C++ template specialisation, but no match found

Question

I have a deserialisation function. With templates, I'd like to be able to get the thing that I'm deserialising. In other words, I'd like a function that computes the serialised thing and another that handles deserialisation. If I name them differently, I have no problem, and, indeed, this is so easy a solution that I will surely just do that. But it bothers me that I don't understand why the following isn't acceptable.

#include <string>

using std::string;

// In real life, fetch the stringified object.
template<>
string foo(int x);

// In real life, fetch an object and deserialize it.
template <typename T>
T foo(int x) {
    string s = foo<string>(x);
    T t;
    // Do something with s.
    return t;
}

template<>
string foo(int x) { return std::to_string(x); }

Compiling with

clang -Wall -Wextra -std=c++14 foo.cc -o foo

says

foo.cc:6:8: error: no function template matches function template specialization 'foo'
string foo(int x);

So the obvious solution is just to change the first function to string make_foo(int x) and be done with it.

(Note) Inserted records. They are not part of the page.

lemma weyl_Pauli3: "\<exists>\<sigma>\<in>{1, -1}. \<sigma> *\<^sub>R weyl a b \<in> Pauli3"
proof -
  obtain a1 a2 a3 b1 b2 b3 where "index_bits a = (a1, a2, a3)" "index_bits b = (b1, b2, b3)"
    by (metis prod_cases3)
  then have ab: "a = inv index_bits (a1, a2, a3)" "b = inv index_bits (b1, b2, b3)"
    by (metis bij_index_bits bij_is_inj inv_f_f)+
  obtain \<sigma>1 \<sigma>2 \<sigma>3 where \<sigma>: "\<sigma>1 \<in> {1, -1}" "\<sigma>2 \<in> {1, -1}" "\<sigma>3 \<in> {1, -1}"
    and P: "\<sigma>1 *\<^sub>R weyl2 a1 b1 \<in> {PauliI, PauliX, PauliY, PauliZ}"
      "\<sigma>2 *\<^sub>R weyl2 a2 b2 \<in> {PauliI, PauliX, PauliY, PauliZ}"
      "\<sigma>3 *\<^sub>R weyl2 a3 b3 \<in> {PauliI, PauliX, PauliY, PauliZ}"
    using weyl2_Pauli2 by metis
  have "kron3 (\<sigma>1 *\<^sub>R weyl2 a1 b1) (\<sigma>2 *\<^sub>R weyl2 a2 b2) (\<sigma>3 *\<^sub>R weyl2 a3 b3) \<in> Pauli3"
    using P unfolding Pauli3_def by blast
  moreover have "kron3 (\<sigma>1 *\<^sub>R weyl2 a1 b1) (\<sigma>2 *\<^sub>R weyl2 a2 b2) (\<sigma>3 *\<^sub>R weyl2 a3 b3) =
      (\<sigma>1 * \<sigma>2 * \<sigma>3) *\<^sub>R weyl a b"
    by (simp add: kron3_scaleR kron3_weyl2 ab)
  moreover have "\<sigma>1 * \<sigma>2 * \<sigma>3 \<in> {1, -1}"
    using \<sigma> by auto
  ultimately show ?thesis
    by metis
qed

lemma vert_eq_iff: "vert x = vert y \<longleftrightarrow> x = y \<or> x = - y"
  by (auto simp: vert_def doubleton_eq_iff)

lemma vert_sign: "c \<in> {1, -1} \<Longrightarrow> vert (c *\<^sub>R x) = vert x"
  by (auto simp: vert_eq_iff)

lemma vert_chi: "vert (chi b a *\<^sub>R x) = vert x"
  using chi_sign vert_sign by blast

lemma matrix_vector_mult_uminus:
  fixes M :: "real^'n^'m"
  shows "M *v (- x) = - (M *v x)" "(- M) *v x = - (M *v x)"
  by (simp_all add: vec_eq_iff matrix_vector_mult_def sum_negf)

lemma vert_matrix_vector_mult: "vert x = vert y \<Longrightarrow> vert (M *v x) = vert (M *v y)"
  by (auto simp: vert_eq_iff matrix_vector_mult_uminus)

lemma sigma_vert: "sigma M (vert x) = vert (M *v x)"
  by (simp add: sigma_def vert_def matrix_vector_mult_uminus)

lemma vert_weyl_weyl: "vert (weyl a b *v (weyl a' b' *v x)) = vert (weyl (a \<oplus> a') (b \<oplus> b') *v x)"
  by (simp add: weyl_weyl vert_chi)

lemma vert_weyl_commute: "vert (weyl a b *v (weyl a' b' *v x)) = vert (weyl a' b' *v (weyl a b *v x))"
  by (simp add: vert_weyl_weyl bxor_commute)

lemma vert_weyl_inject: "vert (weyl a b *v x) = vert (weyl a b *v y) \<longleftrightarrow> vert x = vert y"
proof
  assume "vert (weyl a b *v x) = vert (weyl a b *v y)"
  then have "vert (weyl a b *v (weyl a b *v x)) = vert (weyl a b *v (weyl a b *v y))"
    by (rule vert_matrix_vector_mult)
  then show "vert x = vert y"
    by (simp add: weyl_weyl_self vert_chi)
qed (rule vert_matrix_vector_mult)

lemma Pauli3_vert_weyl:
  assumes "M \<in> Pauli3"
  obtains a b where "\<And>x. vert (M *v x) = vert (weyl a b *v x)"
  using Pauli3_weyl[OF assms] by (metis scaleR_matrix_vector_assoc vert_sign)

lemma Pauli3_vert_swap:
  assumes "M \<in> Pauli3" "vert (M *v y) = vert z"
  shows "vert (M *v z) = vert y"
proof -
  obtain a b where ab: "\<And>x. vert (M *v x) = vert (weyl a b *v x)"
    using Pauli3_vert_weyl[OF assms(1)] by blast
  have "vert (weyl a b *v z) = vert (weyl a b *v (weyl a b *v y))"
    using assms(2) ab by (metis vert_matrix_vector_mult)
  then show ?thesis
    by (simp add: ab weyl_weyl_self vert_chi)
qed

lemma L_orbit_vert: "L_orbit (vert x) = {vert (weyl a b *v x) | a b. True}"
proof -
  have "vert (M *v x) \<in> {vert (weyl a b *v x) | a b. True}" if M: "M \<in> Pauli3" for M
  proof -
    obtain a b where "\<And>x. vert (M *v x) = vert (weyl a b *v x)"
      using Pauli3_vert_weyl[OF M] by blast
    then show ?thesis
      by blast
  qed
  moreover have "vert (weyl a b *v x) \<in> L_orbit (vert x)" for a b
    using weyl_Pauli3[of a b] unfolding L_orbit_def sigma_vert
    by (metis (mono_tags, lifting) mem_Collect_eq scaleR_matrix_vector_assoc vert_sign)
  ultimately show ?thesis
    unfolding L_orbit_def sigma_vert by blast
qed

lemma L_orbit_weyl: "L_orbit (vert (weyl a b *v x)) = L_orbit (vert x)"
  unfolding L_orbit_vert
proof (intro equalityI subsetI)
  fix k
  assume "k \<in> {vert (weyl c d *v (weyl a b *v x)) | c d. True}"
  then obtain c d where "k = vert (weyl (c \<oplus> a) (d \<oplus> b) *v x)"
    by (auto simp: vert_weyl_weyl)
  then show "k \<in> {vert (weyl c d *v x) | c d. True}"
    by blast
next
  fix k
  assume "k \<in> {vert (weyl c d *v x) | c d. True}"
  then obtain c d where "k = vert (weyl (c \<oplus> a) (d \<oplus> b) *v (weyl a b *v x))"
    by (auto simp: vert_weyl_weyl bxor_assoc)
  then show "k \<in> {vert (weyl c d *v (weyl a b *v x)) | c d. True}"
    by blast
qed

lemma L_orbit_eq:
  assumes "k \<in> L_orbit (vert x)"
  shows "L_orbit k = L_orbit (vert x)"
proof -
  obtain a b where "k = vert (weyl a b *v x)"
    using assms unfolding L_orbit_vert by blast
  then show ?thesis
    by (simp add: L_orbit_weyl)
qed

lemma vert_in_L_orbit: "vert x \<in> L_orbit (vert x)"
proof -
  have "weyl 0 0 *v x = x"
    by (simp add: vec_eq_iff)
  then show ?thesis
    unfolding L_orbit_vert by (metis (mono_tags, lifting) mem_Collect_eq)
qed

lemma L_orbit_sym: "k \<in> L_orbit (vert x) \<Longrightarrow> vert x \<in> L_orbit k"
  using L_orbit_eq vert_in_L_orbit by blast

lemma finite_L_orbit: "finite (L_orbit (vert x))"
proof -
  have "L_orbit (vert x) = (\<lambda>(a, b). vert (weyl a b *v x)) ` UNIV"
    unfolding L_orbit_vert by auto
  then show ?thesis
    by simp
qed

lemma matrix_vector_mult_sum:
  fixes A :: "'k \<Rightarrow> real^'n^'m"
  shows "(\<Sum>k\<in>K. A k) *v v = (\<Sum>k\<in>K. A k *v v)"
  by (simp add: vec_eq_iff matrix_vector_mult_def sum_distrib_right sum.swap[of _ K])

lemma sum_outer_orthogonal_spanning:
  fixes f :: "'k \<Rightarrow> real^'n"
  assumes "finite K" and nonzero: "\<And>k. k \<in> K \<Longrightarrow> f k \<noteq> 0"
    and orth: "\<And>k k'. k \<in> K \<Longrightarrow> k' \<in> K \<Longrightarrow> k \<noteq> k' \<Longrightarrow> inner (f k) (f k') = 0"
    and spanning: "span (f ` K) = UNIV"
  shows "(\<Sum>k\<in>K. \<chi> i j. f k $ i * f k $ j / (norm (f k))\<^sup>2) = mat 1"
proof -
  have "(\<Sum>k\<in>K. \<chi> i j. f k $ i * f k $ j / (norm (f k))\<^sup>2) *v v = v" for v
  proof -
    define c where "c k = inner (f k) v / (norm (f k))\<^sup>2" for k
    define r where "r = v - (\<Sum>k\<in>K. c k *\<^sub>R f k)"
    have outer: "(\<chi> i j. f k $ i * f k $ j / (norm (f k))\<^sup>2) *v v = c k *\<^sub>R f k" for k
      by (simp add: vec_eq_iff matrix_vector_mult_def c_def inner_vec_def sum_distrib_left
          sum_divide_distrib mult_ac)
    have "inner r (f j) = 0" if j: "j \<in> K" for j
    proof -
      have "inner (\<Sum>k\<in>K. c k *\<^sub>R f k) (f j) = (\<Sum>k\<in>K. if k = j then c j * inner (f j) (f j) else 0)"
        unfolding inner_sum_left by (rule sum.cong) (use orth j in auto)
      also have "\<dots> = inner (f j) v"
        using \<open>finite K\<close> j nonzero[OF j] by (simp add: c_def power2_norm_eq_inner)
      also have "\<dots> = inner v (f j)"
        by (rule inner_commute)
      finally show ?thesis
        by (simp add: r_def inner_diff_left)
    qed
    then have "inner r r = 0"
      using orthogonal_to_span[of r "f ` K" r] spanning by (force simp: orthogonal_def inner_commute)
    then have "(\<Sum>k\<in>K. c k *\<^sub>R f k) = v"
      by (simp add: r_def)
    then show ?thesis
      by (simp add: matrix_vector_mult_sum outer)
  qed
  then show ?thesis
    by (simp add: matrix_eq)
qed

lemma sum_projC_orthogonal_spanning:
  fixes f :: "'k \<Rightarrow> real^8"
  assumes "finite K" "\<And>k. k \<in> K \<Longrightarrow> f k \<noteq> 0"
    "\<And>k k'. k \<in> K \<Longrightarrow> k' \<in> K \<Longrightarrow> k \<noteq> k' \<Longrightarrow> inner (f k) (f k') = 0"
    "span (f ` K) = UNIV"
  shows "(\<Sum>k\<in>K. projC (f k)) = mat 1"
proof -
  have "(\<Sum>k\<in>K. projC (f k)) $ i $ j =
      complex_of_real ((\<Sum>k\<in>K. \<chi> i j. f k $ i * f k $ j / (norm (f k))\<^sup>2) $ i $ j)" for i j
    by (simp add: projC_def)
  then show ?thesis
    by (simp add: sum_outer_orthogonal_spanning[OF assms] vec_eq_iff mat_def)
qed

To help me learn, I've been trying to understand why what I wrote above fails. Note that I also tried template <> string foo<string>(int x), though I would think that the specialisation could be inferred.

Answer 1

The compiler needs to see the generic declaration before you can declare a specialization, so simply change the order of the declarations.

Answer 2

The specialization can't be inferred here because the return type of a function is not part of the function declaration. Thus, if no function parameter type depends on the template parameter, you have to write the full specialization:

template<>
std::string foo<std::string>(int x)
{
   /* ... */
}

For instance, in the following case, you can let the compiler infer the specialization:

template<class T>
void f(T arg)
{
    // generic case
    /* ... */
}

template<>
void f(bool arg)
{
    // bool case
    /* ... */
}